Phil warns that any barriers put in the way of preventing the customer from carrying out an impulse buy will significantly increase the risk of the client having second thoughts. However, he states Sandpiper can offer a variety of options to ensure sales are maximised.

“Services offered by Sandpiper such as drop-shipping footwear directly to a customers’ homes on behalf of retailers can help secure a proportion of these possible lost sales but some, unfortunately, will always be lost.”

His advice to stop these valuable footwear sales from walking out the door is simple: keep a focused range, stocked in a good variety of sizes.

“For new customers, stocking a limited range of styles and having them available in all sizes will lead to more sales conversions than holding a large range of style options that are not supported with alternative sizes,” suggests Phil.

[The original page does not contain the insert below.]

(* Let $K\subset J^1\mathbb{R}$ be a connected oriented Legendrian knot, let $1<k\le m\le n$, let $\beta\in S_{m-1}$ be a positive permutation braid regarded as a Legendrian $n$-tangle by placing $n-m+1$ horizontal strands below it, and let $\nu\in\mathcal{R}\mathfrak{Leg}_n$. Then $$z\,\widetilde R^{(m-1)}_{(K,\beta\,\alpha_{k,m}\,\nu)}(z)=R^{\tau(m-k+1,m)}_{( *;K,\beta\nu)}(z),$$ where $\alpha_{k,m}$ is regarded as an $n$-tangle combination by adding $n-m$ horizontal strands below, and $*$ is the location in $\beta\nu$ between $\nu$ and $\beta$ (immediately to the left of $\beta$).
   Context: Conventions. $J^1\mathbb{R}=\mathbb{R}^3$ and $J^1[0,1]=[0,1]\times\mathbb{R}^2$ carry contact form $dz-y\,dx$; Legendrian curves are represented by front projections to the $(x,z)$-plane. A left (resp. right) cusp has both branches leaving to the right (resp. left). Tangles. A Legendrian $n$-tangle is a compact Legendrian $\alpha\subset J^1[0,1]$ with boundary on $\partial J^1[0,1]$ whose front coincides near $x=0,1$ with the lines $z=i$, $1\le i\le n$, up to Legendrian isotopy fixed near the boundary; strands over a generic $x$ are numbered from top to bottom. $\alpha\cdot\beta$ places $\beta$ to the left of $\alpha$. For $\beta\in S_p$ the positive permutation braid $\beta$ is the cusp-free $p$-tangle joining left endpoint $i$ to right endpoint $\beta(i)$ with exactly one crossing between strands starting at $i<j$ iff $\beta(i)>\beta(j)$. $\sigma_i$ is the braid of $(i\ i{+}1)$; $e_i$ consists of horizontal strands at heights $j\ne i,i+1$ plus a right cusp joining left endpoints $i,i+1$ and a left cusp joining right endpoints $i,i+1$. $\mathcal{R}=\mathbb{Z}[s^{\pm1}]$ localized at all $s^k-s^{-k}$, $z=s-s^{-1}$; $\mathcal{R}\mathfrak{Leg}_n$ is the free $\mathcal{R}$-module on isotopy classes of $n$-tangles with bilinear product. $\alpha_{2,m}=e_{m-1}$ and $\alpha_{k,m}=\sigma_{m-k+1}\alpha_{k-1,m}\sigma_{m-k+1}-z\sigma_{m-k+1}\alpha_{k-1,m}-z\alpha_{k-1,m}\sigma_{m-k+1}+z^2\alpha_{k-1,m}$ for $3\le k\le m$. Normal rulings: a set of switch crossings plus, at each generic $x$, a fixed-point-free pairing of strands, locally constant, pairing the two strands at each cusp, never pairing the two strands of a crossing immediately beside it, with partners following strands through non-switch crossings and staying with heights at switches, and with the normality condition that at each switch the two pairs involved span nested or disjoint height intervals on both sides. $j(\rho)=\#\text{switches}-\#\text{right cusps}$. Satellite $S(K,\eta)$ of an $n$-tangle $\eta$: the $n$-copy of $K$'s front (copies shifted by distinct small amounts in $z$) with the $n$ parallel strands replaced, inside a small rectangle $J$ around an arc where $K$ is oriented left-to-right, by a rescaled front of $\eta$. A normal ruling of $S(K,\eta)$ is $k$-reduced if at the right boundary of $J$ none of the top $k$ strands of $\eta$ are paired with one another; $\widetilde R^{(k)}_{(K,\eta)}=\sum_{\rho\ k\text{-reduced}}z^{j(\rho)}$. For a location $*$ inside $J$ at an $x$-value with no crossings or cusps of $\eta$, $\rho$ is $(k,m)$-paired at $*$ if $\rho$ is $(m-1)$-reduced and pairs strand $k$ with strand $m$ of $\eta$ at $*$ (strands numbered top to bottom at $*$); $R^{\tau(k,m)}_{( *;K,\eta)}=\sum_{\rho\ (k,m)\text{-paired at }*}z^{j(\rho)}$. These polynomials extend linearly to $\eta\in\mathcal{R}\mathfrak{Leg}_n$. *)

theory Defs
  imports "HOL-Computational_Algebra.Polynomial" "HOL-Computational_Algebra.Fraction_Field"
begin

“From discussions with a mobility retailer who has invested in a larger stock holding in the last 18 months, they have shown an increase in month-to-month sales of between 20-50 per cent simply from not losing walk-in sales.

“Many of these customers end up purchasing more than a single pair of shoes and get slippers as well because the stock is there to take away.”

In step with retailers

Understanding the difficulty for retailers to jump on board with a new product line and new supplier during this time, Sandpiper’s Carol reaffirms the company’s commitment to its trade partners.

“With much of the business model for Sandpiper revolving around selling wholesale to mobility stores nationwide, the business has seen a great deal of change caused by the COVID-19 pandemic,” she finishes.

“The wholesale side of the business is one in which the brand sees as essential and is keen to invest in. The nature of the product and the older demographics of the customers means many will always prefer to visit an outlet to try their footwear on before purchasing. As such, the Sandpiper team are always considering initiatives to help their retail stockists thrive.

“This can be through offering innovative terms or new and exciting ways to help them provide online sales to help future-proof their businesses.”

With the uncertainty of a coronavirus-dominated winter ahead, Sandpiper’s affiliate programme may just give retailers the option needed to take the first step into footwear, be it online or within a bricks and mortar setting, without being overly exposed in the current climate.